▼

(* If $\sigma$ and $\pi$ are permutations with the same number of descents, then $|\mu(\sigma,\pi)|$ is at most the number of occurrences of $\sigma$ in $\pi$.
   Context: A permutation of length $n$ is an arrangement of $1,\dots,n$. An occurrence of $\sigma$ in $\pi$ is a set of positions of $\pi$ whose letters, read left to right, are in the same relative order as $\sigma$. The permutation poset is ordered by $\sigma\le\pi$ iff there is an occurrence of $\sigma$ in $\pi$. A descent is an index $i$ with $\pi_i>\pi_{i+1}$. $\mu$ is the Möbius function of this poset: $\mu(a,a)=1$, $\mu(a,b)=-\sum_{a\le z<b}\mu(a,z)$ for $a<b$, $\mu(a,b)=0$ if $a\not\le b$. *)

theory Defs
  imports Main
begin

text \<open>Permutations of length n are represented as lists of naturals that are
  arrangements of 1..n (positions 0-based).\<close>

definition is_perm :: "nat list \<Rightarrow> bool" where
  "is_perm xs \<longleftrightarrow> distinct xs \<and> set xs = {1..length xs}"

definition order_iso :: "nat list \<Rightarrow> nat list \<Rightarrow> bool" where
  "order_iso xs ys \<longleftrightarrow> length xs = length ys \<and>
     (\<forall>i<length xs. \<forall>j<length xs. (xs ! i < xs ! j) = (ys ! i < ys ! j))"

definition subword :: "nat list \<Rightarrow> nat set \<Rightarrow> nat list" where
  "subword pi S = map (\<lambda>i. pi ! i) (sorted_list_of_set S)"

definition occurrences :: "nat list \<Rightarrow> nat list \<Rightarrow> nat set set" where
  "occurrences sigma pi =
     {S. S \<subseteq> {0..<length pi} \<and> order_iso (subword pi S) sigma}"

definition num_occ :: "nat list \<Rightarrow> nat list \<Rightarrow> nat" where
  "num_occ sigma pi = card (occurrences sigma pi)"

definition patt_le :: "nat list \<Rightarrow> nat list \<Rightarrow> bool" where
  "patt_le sigma pi \<longleftrightarrow> is_perm sigma \<and> is_perm pi \<and> occurrences sigma pi \<noteq> {}"

definition patt_less :: "nat list \<Rightarrow> nat list \<Rightarrow> bool" where
  "patt_less sigma pi \<longleftrightarrow> patt_le sigma pi \<and> sigma \<noteq> pi"

definition descents :: "nat list \<Rightarrow> nat" where
  "descents pi = card {i. Suc i < length pi \<and> pi ! i > pi ! Suc i}"

lemma patt_le_length: "patt_le s p \<Longrightarrow> length s \<le> length p"
proof -
  assume "patt_le s p"
  then obtain S where S: "S \<subseteq> {0..<length p}" "order_iso (subword p S) s"
    unfolding patt_le_def occurrences_def by auto
  have "finite S" using S(1) finite_subset by blast
  have "length s = card S" using S(2) \<open>finite S\<close>
    by (simp add: order_iso_def subword_def)
  also have "\<dots> \<le> length p" using S(1) card_mono[of "{0..<length p}" S] by simp
  finally show ?thesis .
qed

text \<open>The guard length z < length b is automatically satisfied by every z < b (a proper
  pattern is shorter); it only serves to make the recursion visibly well-founded.\<close>
function mu :: "nat list \<Rightarrow> nat list \<Rightarrow> int" where
  "mu a b = (if a = b then 1
             else if patt_le a b then
               - (\<Sum>z\<in>{z. patt_le a z \<and> patt_less z b \<and> length z < length b}. mu a z)
             else 0)"
  by pat_completeness auto
termination
  by (relation "measure (\<lambda>(a,b). length b)") auto

end

theory Submission
  imports Defs "HOL-Library.Sublist" "HOL-Library.Product_Lexorder"
begin

text \<open>Label each value of a permutation \<open>\<pi>\<close> by the index of the ascending run of \<open>\<pi>\<close>
  containing it. The resulting word over \<open>{0..d}\<close>, \<open>d = descents \<pi>\<close>, determines \<open>\<pi>\<close>
  (sort the values by (label, value)); restricted to an occurrence it becomes a labelling of the
  pattern that is a subsequence of the word, and every subsequence of the word arises this way.
  A labelling with letters at most \<open>d\<close> allows at most \<open>d\<close> descents, and exactly \<open>d\<close> only
  if it is the run word itself. So when \<open>\<sigma>\<close> and \<open>\<pi>\<close> have the same number of descents,
  run words map the interval \<open>[\<sigma>, \<pi>]\<close> isomorphically onto an interval of the subsequence
  order on words. There the Moebius function obeys a recursion in the first letter that bounds
  its absolute value by the number of embeddings of one word into the other, and distinct
  embeddings of run words yield distinct occurrences of \<open>\<sigma>\<close> in \<open>\<pi>\<close>.\<close>

section \<open>Moebius function of the subsequence order\<close>

fun subseq_mu :: "'a list \<Rightarrow> 'a list \<Rightarrow> int" where
  "subseq_mu u [] = (if u = [] then 1 else 0)"
| "subseq_mu u (a # w) =
     (case u of [] \<Rightarrow> 0 | b # u' \<Rightarrow> if b = a then subseq_mu u' w else 0)
     - (if w \<noteq> [] \<and> hd w = a then 0 else subseq_mu u w)"

lemma subseq_mu_nonzero_imp_subseq: "subseq_mu u w \<noteq> 0 \<Longrightarrow> subseq u w"
proof (induction w arbitrary: u)
  case Nil
  then show ?case by (auto split: if_splits)
next
  case (Cons a w)
  show ?case
  proof (cases "subseq_mu u w \<noteq> 0 \<and> \<not> (w \<noteq> [] \<and> hd w = a)")
    case True
    then show ?thesis using Cons.IH by auto
  next
    case False
    then have "(case u of [] \<Rightarrow> 0 | b # u' \<Rightarrow> if b = a then subseq_mu u' w else 0) \<noteq> 0"
      using Cons.prems by (auto split: if_splits)
    then obtain u' where "u = a # u'" "subseq_mu u' w \<noteq> 0"
      by (auto split: list.splits if_splits)
    then show ?thesis using Cons.IH by auto
  qed
qed

lemma finite_subseqs: "finite {z. subseq z w}"
  by (metis List.finite_set set_subseqs_eq)

lemma subseqs_Cons_eq: "{z. subseq z (a # w)} = {z. subseq z w} \<union> (\<lambda>z. a # z) ` {z. subseq z w}"
proof (intro set_eqI iffI)
  fix z
  assume "z \<in> {z. subseq z (a # w)}"
  then show "z \<in> {z. subseq z w} \<union> (\<lambda>z. a # z) ` {z. subseq z w}"
    by (cases z) (auto split: if_splits)
qed auto

lemma subseqs_inter_Cons_image:
  "{z. subseq z w} \<inter> (\<lambda>z. a # z) ` {z. subseq z w} = {z. subseq z w} \<inter> {z. z \<noteq> [] \<and> hd z = a}"
proof (intro set_eqI iffI)
  fix z
  assume "z \<in> {z. subseq z w} \<inter> {z. z \<noteq> [] \<and> hd z = a}"
  then obtain z' where z: "z = a # z'" "subseq z w" by (cases z) auto
  then have "subseq z' w" using subseq_Cons' by simp
  with z show "z \<in> {z. subseq z w} \<inter> (\<lambda>z. a # z) ` {z. subseq z w}" by simp
next
  fix z
  assume "z \<in> {z. subseq z w} \<inter> (\<lambda>z. a # z) ` {z. subseq z w}"
  then show "z \<in> {z. subseq z w} \<inter> {z. z \<noteq> [] \<and> hd z = a}" by auto
qed

text \<open>The recursion of \<open>subseq_mu\<close> is designed so that summing it over the subsequences of
  \<open>a # w\<close> telescopes: the subsequences starting with \<open>a\<close> are counted twice by the
  decomposition \<open>subseqs_Cons_eq\<close>, and the correction term removes exactly those.\<close>

lemma sum_subseq_mu_Cons:
  "(\<Sum>z | subseq z (a # w). subseq_mu u z) =
     (case u of [] \<Rightarrow> 0 | b # u' \<Rightarrow> if b = a then \<Sum>z | subseq z w. subseq_mu u' z else 0)"
proof -
  let ?A = "{z. subseq z w}"
  let ?H = "{z. z \<noteq> [] \<and> hd z = a}"
  let ?c = "\<lambda>z. case u of [] \<Rightarrow> 0 | b # u' \<Rightarrow> if b = a then subseq_mu u' z else 0"
  have fin: "finite ?A" "finite ((\<lambda>z. a # z) ` ?A)" by (simp_all add: finite_subseqs)
  have "sum (subseq_mu u) (?A \<union> (\<lambda>z. a # z) ` ?A) + sum (subseq_mu u) (?A \<inter> (\<lambda>z. a # z) ` ?A)
      = sum (subseq_mu u) ?A + sum (subseq_mu u) ((\<lambda>z. a # z) ` ?A)"
    by (rule sum.union_inter[OF fin])
  then have split: "(\<Sum>z | subseq z (a # w). subseq_mu u z) + sum (subseq_mu u) (?A \<inter> ?H)
      = sum (subseq_mu u) ?A + sum (subseq_mu u) ((\<lambda>z. a # z) ` ?A)"
    by (simp only: subseqs_Cons_eq subseqs_inter_Cons_image)
  have shift: "sum (subseq_mu u) ((\<lambda>z. a # z) ` ?A) = (\<Sum>z\<in>?A. subseq_mu u (a # z))"
    by (subst sum.reindex) (auto simp: inj_on_def)
  have "\<And>z. subseq_mu u (a # z) = ?c z - (if z \<in> ?H then 0 else subseq_mu u z)"
    by (simp only: subseq_mu.simps mem_Collect_eq)
  then have "(\<Sum>z\<in>?A. subseq_mu u (a # z))
      = (\<Sum>z\<in>?A. ?c z - (if z \<in> ?H then 0 else subseq_mu u z))"
    by (rule sum.cong[OF refl])
  then have rec: "(\<Sum>z\<in>?A. subseq_mu u (a # z))
      = sum ?c ?A - (\<Sum>z\<in>?A. if z \<in> ?H then 0 else subseq_mu u z)"
    by (simp only: sum_subtractf)
  have "(\<Sum>z\<in>?A. if z \<in> ?H then 0 else subseq_mu u z) = sum (subseq_mu u) (?A - ?H)"
    by (simp add: sum.If_cases[OF fin(1)] Diff_eq)
  moreover have "sum (subseq_mu u) ?A = sum (subseq_mu u) (?A \<inter> ?H) + sum (subseq_mu u) (?A - ?H)"
    by (rule sum.Int_Diff[OF fin(1)])
  moreover have "sum ?c ?A =
      (case u of [] \<Rightarrow> 0 | b # u' \<Rightarrow> if b = a then \<Sum>z | subseq z w. subseq_mu u' z else 0)"
    by (cases u) simp_all
  ultimately show ?thesis using split shift rec by linarith
qed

▲

Requirement ▸
All lines from the beginning of the material above through the one with "order_iso (subword pi" need to be returned exactly; please return those and only those.

Result of the task ▸
(* If $\sigma$ and $\pi$ are permutations with the same number of descents, then $|\mu(\sigma,\pi)|$ is at most the number of occurrences of $\sigma$ in $\pi$.
   Context: A permutation of length $n$ is an arrangement of $1,\dots,n$. An occurrence of $\sigma$ in $\pi$ is a set of positions of $\pi$ whose letters, read left to right, are in the same relative order as $\sigma$. The permutation poset is ordered by $\sigma\le\pi$ iff there is an occurrence of $\sigma$ in $\pi$. A descent is an index $i$ with $\pi_i>\pi_{i+1}$. $\mu$ is the Möbius function of this poset: $\mu(a,a)=1$, $\mu(a,b)=-\sum_{a\le z<b}\mu(a,z)$ for $a<b$, $\mu(a,b)=0$ if $a\not\le b$. *)

theory Defs
  imports Main
begin

text \<open>Permutations of length n are represented as lists of naturals that are
  arrangements of 1..n (positions 0-based).\<close>

definition is_perm :: "nat list \<Rightarrow> bool" where
  "is_perm xs \<longleftrightarrow> distinct xs \<and> set xs = {1..length xs}"

definition order_iso :: "nat list \<Rightarrow> nat list \<Rightarrow> bool" where
  "order_iso xs ys \<longleftrightarrow> length xs = length ys \<and>
     (\<forall>i<length xs. \<forall>j<length xs. (xs ! i < xs ! j) = (ys ! i < ys ! j))"

definition subword :: "nat list \<Rightarrow> nat set \<Rightarrow> nat list" where
  "subword pi S = map (\<lambda>i. pi ! i) (sorted_list_of_set S)"

definition occurrences :: "nat list \<Rightarrow> nat list \<Rightarrow> nat set set" where
  "occurrences sigma pi =
     {S. S \<subseteq> {0..<length pi} \<and> order_iso (subword pi S) sigma}"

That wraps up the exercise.